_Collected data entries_
(* Let $q$ be a prime power and let $ER(q)$ be the Erdős–Rényi graph. Then every independent set $S$ of $ER(q)$ satisfies \[ |S|\le \frac{\sqrt q+\sqrt{q+4(q+1)\frac{q+\sqrt q+1}{q^2+q+1}}}{2\,\frac{q+\sqrt q+1}{q^2+q+1}}. \]
   Context: Let $V=\mathbb F_q^3$. The vertices of $ER(q)$ are the $q^2+q+1$ one-dimensional subspaces of $V$ (points of $PG(2,q)$); points spanned by $x$ and $y$ are adjacent iff $x^Ty=0$. The $q+1$ points with $x^Tx=0$ are adjacent to themselves (carry loops). An independent set is a set of vertices no two distinct members of which are adjacent; looped vertices may belong to it. *)

theory Defs
  imports Complex_Main
begin

definition smult3 :: "'a::field \<Rightarrow> 'a \<times> 'a \<times> 'a \<Rightarrow> 'a \<times> 'a \<times> 'a" where
  "smult3 c v = (case v of (a, b, d) \<Rightarrow> (c * a, c * b, c * d))"

definition dot3 :: "'a::field \<times> 'a \<times> 'a \<Rightarrow> 'a \<times> 'a \<times> 'a \<Rightarrow> 'a" where
  "dot3 x y = (case x of (a1, a2, a3) \<Rightarrow> case y of (b1, b2, b3) \<Rightarrow> a1 * b1 + a2 * b2 + a3 * b3)"

definition span1 :: "'a::field \<times> 'a \<times> 'a \<Rightarrow> ('a \<times> 'a \<times> 'a) set" where
  "span1 x = {smult3 c x | c. True}"

definition er_vertices :: "('a::field \<times> 'a \<times> 'a) set set" where
  "er_vertices = {span1 x | x. x \<noteq> (0, 0, 0)}"

definition er_adj :: "('a::field \<times> 'a \<times> 'a) set \<Rightarrow> ('a \<times> 'a \<times> 'a) set \<Rightarrow> bool" where
  "er_adj P Q = (\<exists>x y. x \<noteq> (0, 0, 0) \<and> y \<noteq> (0, 0, 0) \<and> P = span1 x \<and> Q = span1 y \<and> dot3 x y = 0)"

text \<open>Independent set: no two distinct members adjacent; looped vertices allowed.\<close>
definition er_independent :: "('a::field \<times> 'a \<times> 'a) set set \<Rightarrow> bool" where
  "er_independent S = (S \<subseteq> er_vertices \<and> (\<forall>P\<in>S. \<forall>Q\<in>S. P \<noteq> Q \<longrightarrow> \<not> er_adj P Q))"

end

(* Weight every point v of PG(2,q) by w v = d v + sqrt q * [v in S], where d v counts the members
   of S adjacent to v. Every point has q + 1 neighbours and two distinct points have exactly one
   common neighbour, so with s = |S| we get sum w = s (q + 1 + sqrt q) and
   sum w^2 <= s (q + s) + 2 sqrt q a + q s, where a is the number of looped points of S (on S
   itself, independence leaves only the loops in d). There are at most q + 1 such points: in
   characteristic 2 they lie on one line, otherwise distinct ones have distinct common neighbours
   with a fixed looped point of S. Cauchy-Schwarz over the q^2 + q + 1 points then gives
   r s^2 <= sqrt q s + q + 1 with r = (q + sqrt q + 1) / (q^2 + q + 1), and s is at most the
   positive root of this quadratic. *)

theory Submission
  imports Defs "HOL-Library.Cardinality" "HOL-Analysis.Convex"
begin

section \<open>Dot and cross products of triples\<close>

lemma smult3_simp [simp]: "smult3 c (x1, x2, x3) = (c * x1, c * x2, c * x3)"
  by (simp add: smult3_def)

lemma dot3_simp [simp]: "dot3 (x1, x2, x3) (y1, y2, y3) = x1 * y1 + x2 * y2 + x3 * y3"
  by (simp add: dot3_def)

lemma dot3_commute: "dot3 x y = dot3 y x"
  by (cases x; cases y) (simp add: mult.commute)

lemma dot3_smult3_left: "dot3 (smult3 c x) y = c * dot3 x y"
  by (cases x; cases y) (simp add: algebra_simps)

lemma dot3_smult3_right: "dot3 x (smult3 c y) = c * dot3 x y"
  by (cases x; cases y) (simp add: algebra_simps)

lemma smult3_eq_0_iff: "smult3 c x = (0, 0, 0) \<longleftrightarrow> c = 0 \<or> x = (0, 0, 0)"
  by (cases x) auto

definition cross3 :: "'a::field \<times> 'a \<times> 'a \<Rightarrow> 'a \<times> 'a \<times> 'a \<Rightarrow> 'a \<times> 'a \<times> 'a" where
  "cross3 x y = (case x of (x1, x2, x3) \<Rightarrow> case y of (y1, y2, y3) \<Rightarrow>
     (x2 * y3 - x3 * y2, x3 * y1 - x1 * y3, x1 * y2 - x2 * y1))"

lemma cross3_simp [simp]:
  "cross3 (x1, x2, x3) (y1, y2, y3) = (x2 * y3 - x3 * y2, x3 * y1 - x1 * y3, x1 * y2 - x2 * y1)"
  by (simp add: cross3_def)

lemma dot3_cross3_left: "dot3 x (cross3 x y) = 0"
  by (cases x; cases y) (simp add: algebra_simps)

lemma dot3_cross3_right: "dot3 y (cross3 x y) = 0"
  by (cases x; cases y) (simp add: algebra_simps)

lemma cross3_cross3_eq_0:
  assumes "dot3 z x = 0" "dot3 z y = 0"
  shows "cross3 z (cross3 x y) = (0, 0, 0)"
proof -
  obtain x1 x2 x3 y1 y2 y3 z1 z2 z3 where xyz: "x = (x1, x2, x3)" "y = (y1, y2, y3)" "z = (z1, z2, z3)"
    by (cases x; cases y; cases z)
  let ?zx = "z1 * x1 + z2 * x2 + z3 * x3" and ?zy = "z1 * y1 + z2 * y2 + z3 * y3"
  have "cross3 z (cross3 x y) = (x1 * ?zy - y1 * ?zx, x2 * ?zy - y2 * ?zx, x3 * ?zy - y3 * ?zx)"
    using xyz by (simp add: algebra_simps)
  then show ?thesis
    using assms xyz by simp
qed

lemma cross3_eq_0_commute: "cross3 x y = (0, 0, 0) \<longleftrightarrow> cross3 y x = (0, 0, 0)"
  by (cases x; cases y) (auto simp: mult.commute)

lemma cross3_eq_0_imp_in_span1:
  assumes "x \<noteq> (0, 0, 0)" "cross3 x y = (0, 0, 0)"
  shows "y \<in> span1 x"
proof -
  obtain x1 x2 x3 y1 y2 y3 where xy: "x = (x1, x2, x3)" "y = (y1, y2, y3)"
    by (cases x; cases y)
  have eqs: "x2 * y3 = x3 * y2" "x3 * y1 = x1 * y3" "x1 * y2 = x2 * y1"
    using assms(2) xy by auto
  consider "x1 \<noteq> 0" | "x2 \<noteq> 0" | "x3 \<noteq> 0"
    using assms(1) xy by auto
  then have "\<exists>c. y = smult3 c x"
  proof cases
    case 1
    then show ?thesis using eqs xy by (intro exI[of _ "y1 / x1"]) (auto simp: field_simps)
  next
    case 2
    then show ?thesis using eqs xy by (intro exI[of _ "y2 / x2"]) (auto simp: field_simps)
  next
    case 3
    then show ?thesis using eqs xy by (intro exI[of _ "y3 / x3"]) (auto simp: field_simps)
  qed
  then show ?thesis
    by (auto simp: span1_def)
qed

lemma dot3_cross3_square:
  "(dot3 p (cross3 y w))^2 =
     dot3 p p * dot3 y y * dot3 w w + 2 * (dot3 p y * dot3 y w * dot3 w p)
     - dot3 p p * (dot3 y w)^2 - dot3 y y * (dot3 w p)^2 - dot3 w w * (dot3 p y)^2"
proof -
  obtain p1 p2 p3 y1 y2 y3 w1 w2 w3 where pyw: "p = (p1, p2, p3)" "y = (y1, y2, y3)" "w = (w1, w2, w3)"
    by (cases p; cases y; cases w)
  show ?thesis
    unfolding pyw dot3_simp cross3_simp by algebra
qed

lemma dot3_cross3_eq_0_if_orthogonal:
  assumes "c \<noteq> (0, 0, 0)" "dot3 c p = 0" "dot3 c y = 0" "dot3 c w = 0"
  shows "dot3 p (cross3 y w) = 0"
proof (cases "cross3 y w = (0, 0, 0)")
  case True
  then show ?thesis by (cases p) simp
next
  case False
  have "c \<in> span1 (cross3 y w)"
    using cross3_eq_0_imp_in_span1[OF False] cross3_cross3_eq_0[OF assms(3,4)]
    by (simp add: cross3_eq_0_commute)
  then obtain l where l: "c = smult3 l (cross3 y w)"
    by (auto simp: span1_def)
  with assms(1) have "l \<noteq> 0"
    by (auto simp: smult3_eq_0_iff)
  moreover have "l * dot3 p (cross3 y w) = 0"
    using assms(2) l by (simp add: dot3_commute dot3_smult3_right)
  ultimately show ?thesis by simp
qed

text \<open>The triple product of coplanar vectors vanishes, while its square is the Gram determinant,
  which is \<open>2 (p\<cdot>y)(y\<cdot>w)(w\<cdot>p)\<close> when the diagonal is zero.\<close>

lemma isotropic_orthogonal_triple:
  fixes c p y w :: "'a::field \<times> 'a \<times> 'a"
  assumes "(2::'a) \<noteq> 0" "c \<noteq> (0, 0, 0)"
    and "dot3 c p = 0" "dot3 c y = 0" "dot3 c w = 0"
    and "dot3 p p = 0" "dot3 y y = 0" "dot3 w w = 0"
  shows "dot3 p y * dot3 y w * dot3 w p = 0"
proof -
  have "2 * (dot3 p y * dot3 y w * dot3 w p) = (dot3 p (cross3 y w))^2"
    using assms(6-8) by (simp add: dot3_cross3_square)
  also have "\<dots> = 0"
    using dot3_cross3_eq_0_if_orthogonal[OF assms(2-5)] by simp
  finally show ?thesis
    using assms(1) by simp
qed

lemma isotropic_char2_orthogonal_ones:
  fixes x :: "'a::field \<times> 'a \<times> 'a"
  assumes "(2::'a) = 0" "dot3 x x = 0"
  shows "dot3 x (1, 1, 1) = 0"
proof -
  obtain x1 x2 x3 where x: "x = (x1, x2, x3)"
    by (cases x)
  have "(x1 + x2 + x3)^2 = dot3 x x + 2 * (x1 * x2 + x1 * x3 + x2 * x3)"
    unfolding x dot3_simp by algebra
  then show ?thesis
    using assms x by simp
qed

_INSTRUCTIONS FOR THE TASK_
Only the lines above from the one with "set \<Rightarrow> ('a" through the one with "set set \<Rightarrow>" should be duplicated, character for character.

_RESPONSE_
definition er_adj :: "('a::field \<times> 'a \<times> 'a) set \<Rightarrow> ('a \<times> 'a \<times> 'a) set \<Rightarrow> bool" where
  "er_adj P Q = (\<exists>x y. x \<noteq> (0, 0, 0) \<and> y \<noteq> (0, 0, 0) \<and> P = span1 x \<and> Q = span1 y \<and> dot3 x y = 0)"

text \<open>Independent set: no two distinct members adjacent; looped vertices allowed.\<close>
definition er_independent :: "('a::field \<times> 'a \<times> 'a) set set \<Rightarrow> bool" where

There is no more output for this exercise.